## WHAT TO DO
If a line below includes the string "from", copy it.

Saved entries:
++++++++++
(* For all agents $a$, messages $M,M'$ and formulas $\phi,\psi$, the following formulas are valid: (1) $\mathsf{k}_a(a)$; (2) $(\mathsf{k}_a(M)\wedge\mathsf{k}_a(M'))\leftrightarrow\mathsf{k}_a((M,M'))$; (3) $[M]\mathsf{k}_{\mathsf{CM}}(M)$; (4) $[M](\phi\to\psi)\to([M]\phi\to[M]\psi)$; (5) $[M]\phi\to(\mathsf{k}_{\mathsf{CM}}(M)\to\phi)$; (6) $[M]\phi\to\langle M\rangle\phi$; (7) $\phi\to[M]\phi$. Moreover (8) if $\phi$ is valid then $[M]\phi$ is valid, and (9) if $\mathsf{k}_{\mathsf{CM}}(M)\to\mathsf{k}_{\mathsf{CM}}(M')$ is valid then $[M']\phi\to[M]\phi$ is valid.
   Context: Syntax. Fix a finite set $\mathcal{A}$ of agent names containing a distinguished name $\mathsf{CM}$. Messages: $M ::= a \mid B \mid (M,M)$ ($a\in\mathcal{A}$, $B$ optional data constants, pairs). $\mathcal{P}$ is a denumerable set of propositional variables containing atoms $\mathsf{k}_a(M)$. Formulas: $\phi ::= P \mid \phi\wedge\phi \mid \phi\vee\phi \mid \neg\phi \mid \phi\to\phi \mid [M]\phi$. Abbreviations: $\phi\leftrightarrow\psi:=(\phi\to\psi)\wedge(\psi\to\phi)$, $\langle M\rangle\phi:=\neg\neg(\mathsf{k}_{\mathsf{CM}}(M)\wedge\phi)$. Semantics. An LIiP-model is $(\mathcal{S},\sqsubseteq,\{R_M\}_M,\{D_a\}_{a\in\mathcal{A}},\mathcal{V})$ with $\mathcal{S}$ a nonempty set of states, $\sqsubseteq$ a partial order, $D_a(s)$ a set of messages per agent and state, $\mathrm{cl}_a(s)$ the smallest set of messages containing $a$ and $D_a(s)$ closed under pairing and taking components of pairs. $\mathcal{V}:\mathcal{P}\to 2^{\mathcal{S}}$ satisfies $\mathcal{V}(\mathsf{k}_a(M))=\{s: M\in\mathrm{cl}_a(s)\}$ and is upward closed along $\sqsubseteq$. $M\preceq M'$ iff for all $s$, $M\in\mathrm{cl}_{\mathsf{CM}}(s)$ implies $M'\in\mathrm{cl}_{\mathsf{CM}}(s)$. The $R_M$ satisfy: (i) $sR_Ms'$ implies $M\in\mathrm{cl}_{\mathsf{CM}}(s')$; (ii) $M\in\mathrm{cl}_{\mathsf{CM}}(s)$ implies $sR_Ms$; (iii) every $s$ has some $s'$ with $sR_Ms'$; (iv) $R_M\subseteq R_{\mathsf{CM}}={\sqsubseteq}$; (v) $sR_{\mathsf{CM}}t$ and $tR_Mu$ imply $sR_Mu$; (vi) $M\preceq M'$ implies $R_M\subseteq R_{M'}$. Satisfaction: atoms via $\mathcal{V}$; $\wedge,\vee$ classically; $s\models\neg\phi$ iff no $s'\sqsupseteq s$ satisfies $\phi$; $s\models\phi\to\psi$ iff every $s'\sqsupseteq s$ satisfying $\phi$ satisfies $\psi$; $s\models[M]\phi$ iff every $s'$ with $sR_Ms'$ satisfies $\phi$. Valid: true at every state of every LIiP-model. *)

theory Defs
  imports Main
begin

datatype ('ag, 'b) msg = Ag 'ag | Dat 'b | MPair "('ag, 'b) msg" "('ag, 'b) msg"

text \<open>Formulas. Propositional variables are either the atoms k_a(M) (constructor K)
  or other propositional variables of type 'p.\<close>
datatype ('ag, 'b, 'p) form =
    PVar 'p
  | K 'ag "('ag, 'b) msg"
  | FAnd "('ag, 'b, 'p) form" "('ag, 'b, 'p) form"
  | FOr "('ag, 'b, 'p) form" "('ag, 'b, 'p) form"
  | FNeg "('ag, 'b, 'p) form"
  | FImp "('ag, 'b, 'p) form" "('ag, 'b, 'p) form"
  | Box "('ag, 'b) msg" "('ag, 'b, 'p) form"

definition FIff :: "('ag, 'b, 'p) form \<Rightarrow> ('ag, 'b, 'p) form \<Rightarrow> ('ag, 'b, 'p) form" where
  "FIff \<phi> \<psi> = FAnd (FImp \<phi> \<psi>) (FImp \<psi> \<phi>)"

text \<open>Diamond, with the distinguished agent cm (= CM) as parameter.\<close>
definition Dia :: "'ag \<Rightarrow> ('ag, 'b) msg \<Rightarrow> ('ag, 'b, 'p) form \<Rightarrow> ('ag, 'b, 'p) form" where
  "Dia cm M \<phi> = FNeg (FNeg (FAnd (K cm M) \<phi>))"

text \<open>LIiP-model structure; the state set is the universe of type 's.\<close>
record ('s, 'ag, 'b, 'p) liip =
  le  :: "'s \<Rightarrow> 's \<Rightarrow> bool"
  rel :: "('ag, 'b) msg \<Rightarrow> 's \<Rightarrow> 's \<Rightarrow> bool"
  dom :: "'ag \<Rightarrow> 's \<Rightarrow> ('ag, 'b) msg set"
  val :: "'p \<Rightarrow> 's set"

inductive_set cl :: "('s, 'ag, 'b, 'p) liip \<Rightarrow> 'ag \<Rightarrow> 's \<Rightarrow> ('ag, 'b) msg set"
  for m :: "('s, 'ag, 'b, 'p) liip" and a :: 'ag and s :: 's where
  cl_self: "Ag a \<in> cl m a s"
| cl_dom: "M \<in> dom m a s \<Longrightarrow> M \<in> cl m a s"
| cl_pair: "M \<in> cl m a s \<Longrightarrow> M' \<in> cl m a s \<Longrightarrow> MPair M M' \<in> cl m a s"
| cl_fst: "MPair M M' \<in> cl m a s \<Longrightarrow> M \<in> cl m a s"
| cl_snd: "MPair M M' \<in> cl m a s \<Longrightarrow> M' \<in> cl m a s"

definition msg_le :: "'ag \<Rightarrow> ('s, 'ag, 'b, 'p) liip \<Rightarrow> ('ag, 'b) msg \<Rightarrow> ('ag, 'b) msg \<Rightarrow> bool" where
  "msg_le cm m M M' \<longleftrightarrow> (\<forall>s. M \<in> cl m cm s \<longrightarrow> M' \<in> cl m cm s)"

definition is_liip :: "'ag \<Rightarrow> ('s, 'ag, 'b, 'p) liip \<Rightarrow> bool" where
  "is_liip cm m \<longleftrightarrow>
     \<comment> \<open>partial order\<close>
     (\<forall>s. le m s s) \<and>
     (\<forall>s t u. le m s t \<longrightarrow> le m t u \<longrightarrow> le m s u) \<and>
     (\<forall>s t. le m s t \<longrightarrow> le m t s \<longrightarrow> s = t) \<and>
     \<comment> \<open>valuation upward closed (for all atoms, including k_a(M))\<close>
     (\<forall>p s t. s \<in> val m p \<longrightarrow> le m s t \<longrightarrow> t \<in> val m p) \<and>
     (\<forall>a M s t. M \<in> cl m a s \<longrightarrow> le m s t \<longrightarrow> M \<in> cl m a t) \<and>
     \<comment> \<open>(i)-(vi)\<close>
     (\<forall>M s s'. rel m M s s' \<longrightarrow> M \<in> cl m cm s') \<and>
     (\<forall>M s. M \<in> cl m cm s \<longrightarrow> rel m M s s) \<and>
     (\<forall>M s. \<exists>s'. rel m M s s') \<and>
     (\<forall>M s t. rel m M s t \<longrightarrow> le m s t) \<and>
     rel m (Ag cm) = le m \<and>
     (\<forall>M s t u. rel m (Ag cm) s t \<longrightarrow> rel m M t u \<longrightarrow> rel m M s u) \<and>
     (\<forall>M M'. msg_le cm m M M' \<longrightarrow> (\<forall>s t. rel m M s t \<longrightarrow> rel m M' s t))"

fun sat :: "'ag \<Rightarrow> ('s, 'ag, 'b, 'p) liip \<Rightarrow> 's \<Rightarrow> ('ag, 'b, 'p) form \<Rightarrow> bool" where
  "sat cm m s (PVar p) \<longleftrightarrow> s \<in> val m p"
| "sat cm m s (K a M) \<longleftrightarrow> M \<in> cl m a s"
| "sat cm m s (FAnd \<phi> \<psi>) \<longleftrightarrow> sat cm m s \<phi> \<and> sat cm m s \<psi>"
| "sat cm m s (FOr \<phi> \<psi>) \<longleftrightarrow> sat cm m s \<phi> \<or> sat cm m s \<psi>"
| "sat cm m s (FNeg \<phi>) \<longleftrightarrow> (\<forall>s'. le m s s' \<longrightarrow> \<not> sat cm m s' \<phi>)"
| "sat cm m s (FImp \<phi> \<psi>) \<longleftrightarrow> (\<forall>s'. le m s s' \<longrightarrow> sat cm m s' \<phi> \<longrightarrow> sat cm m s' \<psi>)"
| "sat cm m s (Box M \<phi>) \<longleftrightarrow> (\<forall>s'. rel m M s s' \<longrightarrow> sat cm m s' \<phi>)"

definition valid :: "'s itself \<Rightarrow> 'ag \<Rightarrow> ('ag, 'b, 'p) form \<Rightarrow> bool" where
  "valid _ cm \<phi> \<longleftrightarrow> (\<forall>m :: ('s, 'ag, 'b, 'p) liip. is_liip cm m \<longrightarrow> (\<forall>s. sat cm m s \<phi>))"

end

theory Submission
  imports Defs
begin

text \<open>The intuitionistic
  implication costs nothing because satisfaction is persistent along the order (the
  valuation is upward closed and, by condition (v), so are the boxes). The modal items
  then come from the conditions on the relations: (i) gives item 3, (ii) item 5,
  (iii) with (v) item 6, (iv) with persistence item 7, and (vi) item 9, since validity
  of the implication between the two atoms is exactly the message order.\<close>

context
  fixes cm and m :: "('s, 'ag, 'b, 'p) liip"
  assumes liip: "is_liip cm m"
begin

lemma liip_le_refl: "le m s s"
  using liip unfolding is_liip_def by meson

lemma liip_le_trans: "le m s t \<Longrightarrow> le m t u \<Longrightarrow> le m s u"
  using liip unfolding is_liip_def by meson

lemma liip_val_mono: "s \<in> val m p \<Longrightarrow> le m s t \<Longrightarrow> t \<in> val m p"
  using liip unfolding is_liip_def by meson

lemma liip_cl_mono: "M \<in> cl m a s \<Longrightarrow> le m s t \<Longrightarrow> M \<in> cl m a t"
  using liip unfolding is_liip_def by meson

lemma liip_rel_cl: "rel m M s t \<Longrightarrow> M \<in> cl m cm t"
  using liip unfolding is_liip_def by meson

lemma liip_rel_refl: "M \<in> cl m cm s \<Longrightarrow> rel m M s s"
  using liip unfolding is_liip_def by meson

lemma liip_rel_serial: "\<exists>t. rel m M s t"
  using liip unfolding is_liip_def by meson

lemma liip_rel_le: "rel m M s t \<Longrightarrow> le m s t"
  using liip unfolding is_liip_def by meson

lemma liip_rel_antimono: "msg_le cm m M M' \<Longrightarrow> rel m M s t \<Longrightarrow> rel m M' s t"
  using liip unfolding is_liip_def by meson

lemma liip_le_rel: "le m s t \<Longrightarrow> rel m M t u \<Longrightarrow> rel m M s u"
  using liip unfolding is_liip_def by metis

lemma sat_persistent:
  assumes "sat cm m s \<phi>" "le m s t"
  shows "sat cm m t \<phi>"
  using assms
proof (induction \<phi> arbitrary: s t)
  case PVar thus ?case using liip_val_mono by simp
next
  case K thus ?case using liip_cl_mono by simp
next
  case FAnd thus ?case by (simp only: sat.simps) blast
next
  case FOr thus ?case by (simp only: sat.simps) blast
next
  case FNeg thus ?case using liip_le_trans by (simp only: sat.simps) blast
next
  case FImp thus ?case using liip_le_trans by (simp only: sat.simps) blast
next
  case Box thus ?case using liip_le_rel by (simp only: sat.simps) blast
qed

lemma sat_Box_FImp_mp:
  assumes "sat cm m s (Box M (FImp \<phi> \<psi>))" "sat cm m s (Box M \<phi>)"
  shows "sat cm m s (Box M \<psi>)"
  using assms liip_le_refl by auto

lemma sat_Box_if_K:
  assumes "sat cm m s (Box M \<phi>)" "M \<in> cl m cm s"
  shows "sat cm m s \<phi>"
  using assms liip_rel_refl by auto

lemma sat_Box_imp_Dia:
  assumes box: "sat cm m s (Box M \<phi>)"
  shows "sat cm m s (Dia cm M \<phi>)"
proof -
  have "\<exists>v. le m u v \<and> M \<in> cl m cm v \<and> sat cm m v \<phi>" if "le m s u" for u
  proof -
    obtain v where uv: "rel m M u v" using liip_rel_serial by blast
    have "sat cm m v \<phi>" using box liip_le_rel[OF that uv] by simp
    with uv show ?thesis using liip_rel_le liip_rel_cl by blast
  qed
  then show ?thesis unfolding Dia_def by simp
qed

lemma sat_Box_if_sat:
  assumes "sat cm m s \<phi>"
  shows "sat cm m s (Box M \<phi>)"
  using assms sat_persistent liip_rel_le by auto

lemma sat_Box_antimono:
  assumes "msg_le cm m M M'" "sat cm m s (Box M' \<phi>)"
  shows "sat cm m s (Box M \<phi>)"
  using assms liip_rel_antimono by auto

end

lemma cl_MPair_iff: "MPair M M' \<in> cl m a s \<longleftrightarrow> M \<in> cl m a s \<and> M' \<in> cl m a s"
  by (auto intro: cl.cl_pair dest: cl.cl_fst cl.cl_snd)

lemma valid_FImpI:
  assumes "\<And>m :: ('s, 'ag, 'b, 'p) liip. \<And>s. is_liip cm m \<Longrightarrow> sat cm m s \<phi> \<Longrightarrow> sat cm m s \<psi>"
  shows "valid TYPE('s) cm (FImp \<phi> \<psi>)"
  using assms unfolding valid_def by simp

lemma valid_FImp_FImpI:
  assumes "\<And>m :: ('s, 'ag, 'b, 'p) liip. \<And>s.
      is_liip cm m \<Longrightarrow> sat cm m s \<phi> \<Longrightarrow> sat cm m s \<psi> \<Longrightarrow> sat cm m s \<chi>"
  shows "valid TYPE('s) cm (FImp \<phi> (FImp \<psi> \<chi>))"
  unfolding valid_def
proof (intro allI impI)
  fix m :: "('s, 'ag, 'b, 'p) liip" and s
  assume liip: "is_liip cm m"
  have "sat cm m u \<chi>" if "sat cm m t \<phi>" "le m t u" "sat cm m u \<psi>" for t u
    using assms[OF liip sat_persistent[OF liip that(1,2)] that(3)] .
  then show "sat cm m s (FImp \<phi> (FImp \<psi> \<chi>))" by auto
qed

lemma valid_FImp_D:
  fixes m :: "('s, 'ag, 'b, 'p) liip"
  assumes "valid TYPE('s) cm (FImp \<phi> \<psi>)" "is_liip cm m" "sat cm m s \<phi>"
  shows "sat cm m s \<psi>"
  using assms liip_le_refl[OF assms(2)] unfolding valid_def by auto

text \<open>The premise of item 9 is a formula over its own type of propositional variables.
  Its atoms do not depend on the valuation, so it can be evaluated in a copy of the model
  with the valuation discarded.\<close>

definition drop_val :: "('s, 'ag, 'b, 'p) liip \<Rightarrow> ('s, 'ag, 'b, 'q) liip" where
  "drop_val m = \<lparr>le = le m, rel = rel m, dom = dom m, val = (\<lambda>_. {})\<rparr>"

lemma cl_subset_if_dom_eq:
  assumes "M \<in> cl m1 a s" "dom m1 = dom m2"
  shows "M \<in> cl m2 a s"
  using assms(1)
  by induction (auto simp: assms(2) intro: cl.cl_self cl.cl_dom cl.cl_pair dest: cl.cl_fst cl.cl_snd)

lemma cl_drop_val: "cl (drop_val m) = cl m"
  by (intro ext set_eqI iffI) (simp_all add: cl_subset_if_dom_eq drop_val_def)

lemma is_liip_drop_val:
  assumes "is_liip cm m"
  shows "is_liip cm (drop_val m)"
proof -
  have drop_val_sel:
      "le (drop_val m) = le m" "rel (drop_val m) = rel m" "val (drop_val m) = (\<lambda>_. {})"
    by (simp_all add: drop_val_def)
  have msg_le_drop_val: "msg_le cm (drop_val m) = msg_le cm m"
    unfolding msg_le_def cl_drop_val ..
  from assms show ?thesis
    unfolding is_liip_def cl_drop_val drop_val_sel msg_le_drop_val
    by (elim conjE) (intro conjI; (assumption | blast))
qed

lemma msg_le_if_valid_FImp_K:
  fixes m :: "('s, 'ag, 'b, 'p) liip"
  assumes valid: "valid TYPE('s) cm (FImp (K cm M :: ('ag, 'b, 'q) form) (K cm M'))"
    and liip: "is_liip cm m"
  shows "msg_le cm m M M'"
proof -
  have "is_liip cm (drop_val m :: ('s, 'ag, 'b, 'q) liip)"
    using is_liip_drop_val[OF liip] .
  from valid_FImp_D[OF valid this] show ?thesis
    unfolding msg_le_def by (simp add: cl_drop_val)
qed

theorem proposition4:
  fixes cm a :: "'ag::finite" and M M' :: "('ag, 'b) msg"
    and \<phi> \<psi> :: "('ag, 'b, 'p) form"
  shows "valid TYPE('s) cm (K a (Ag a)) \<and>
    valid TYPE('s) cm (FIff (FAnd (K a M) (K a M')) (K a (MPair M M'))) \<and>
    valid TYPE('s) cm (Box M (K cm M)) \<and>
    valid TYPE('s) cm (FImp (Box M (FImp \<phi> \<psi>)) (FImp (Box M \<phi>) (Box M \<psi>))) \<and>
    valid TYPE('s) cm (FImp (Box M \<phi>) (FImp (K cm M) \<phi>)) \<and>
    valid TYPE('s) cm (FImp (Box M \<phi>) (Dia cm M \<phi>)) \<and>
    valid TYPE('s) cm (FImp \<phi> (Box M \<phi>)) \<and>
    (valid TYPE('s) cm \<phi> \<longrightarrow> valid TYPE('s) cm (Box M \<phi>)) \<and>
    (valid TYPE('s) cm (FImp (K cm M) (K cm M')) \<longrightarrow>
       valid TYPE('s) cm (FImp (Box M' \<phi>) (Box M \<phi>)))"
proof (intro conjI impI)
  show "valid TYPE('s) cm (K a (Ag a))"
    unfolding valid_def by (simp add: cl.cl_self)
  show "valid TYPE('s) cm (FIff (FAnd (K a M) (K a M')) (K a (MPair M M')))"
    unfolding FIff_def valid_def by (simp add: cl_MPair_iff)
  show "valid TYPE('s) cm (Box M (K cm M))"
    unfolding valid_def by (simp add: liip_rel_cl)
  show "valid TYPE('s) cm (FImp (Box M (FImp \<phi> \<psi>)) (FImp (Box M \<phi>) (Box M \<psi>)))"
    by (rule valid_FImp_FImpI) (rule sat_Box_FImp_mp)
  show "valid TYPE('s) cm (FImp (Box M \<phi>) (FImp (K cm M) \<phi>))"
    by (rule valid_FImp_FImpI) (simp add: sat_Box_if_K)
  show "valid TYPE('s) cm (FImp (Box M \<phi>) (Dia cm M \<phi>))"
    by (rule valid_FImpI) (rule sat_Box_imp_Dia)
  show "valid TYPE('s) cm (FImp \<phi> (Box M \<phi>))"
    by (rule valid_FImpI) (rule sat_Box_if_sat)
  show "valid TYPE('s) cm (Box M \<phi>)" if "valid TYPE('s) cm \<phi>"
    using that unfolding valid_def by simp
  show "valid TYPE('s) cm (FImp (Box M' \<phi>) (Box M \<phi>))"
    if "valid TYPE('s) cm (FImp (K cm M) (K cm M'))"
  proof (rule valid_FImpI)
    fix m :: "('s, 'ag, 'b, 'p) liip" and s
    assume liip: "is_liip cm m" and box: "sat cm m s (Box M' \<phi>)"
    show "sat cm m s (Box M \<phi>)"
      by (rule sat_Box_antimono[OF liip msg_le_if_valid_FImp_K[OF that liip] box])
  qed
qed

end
++++++++++
## TASK SOLUTION
  then come from the conditions on the relations: (i) gives item 3, (ii) item 5,
  from assms show ?thesis
  from valid_FImp_D[OF valid this] show ?thesis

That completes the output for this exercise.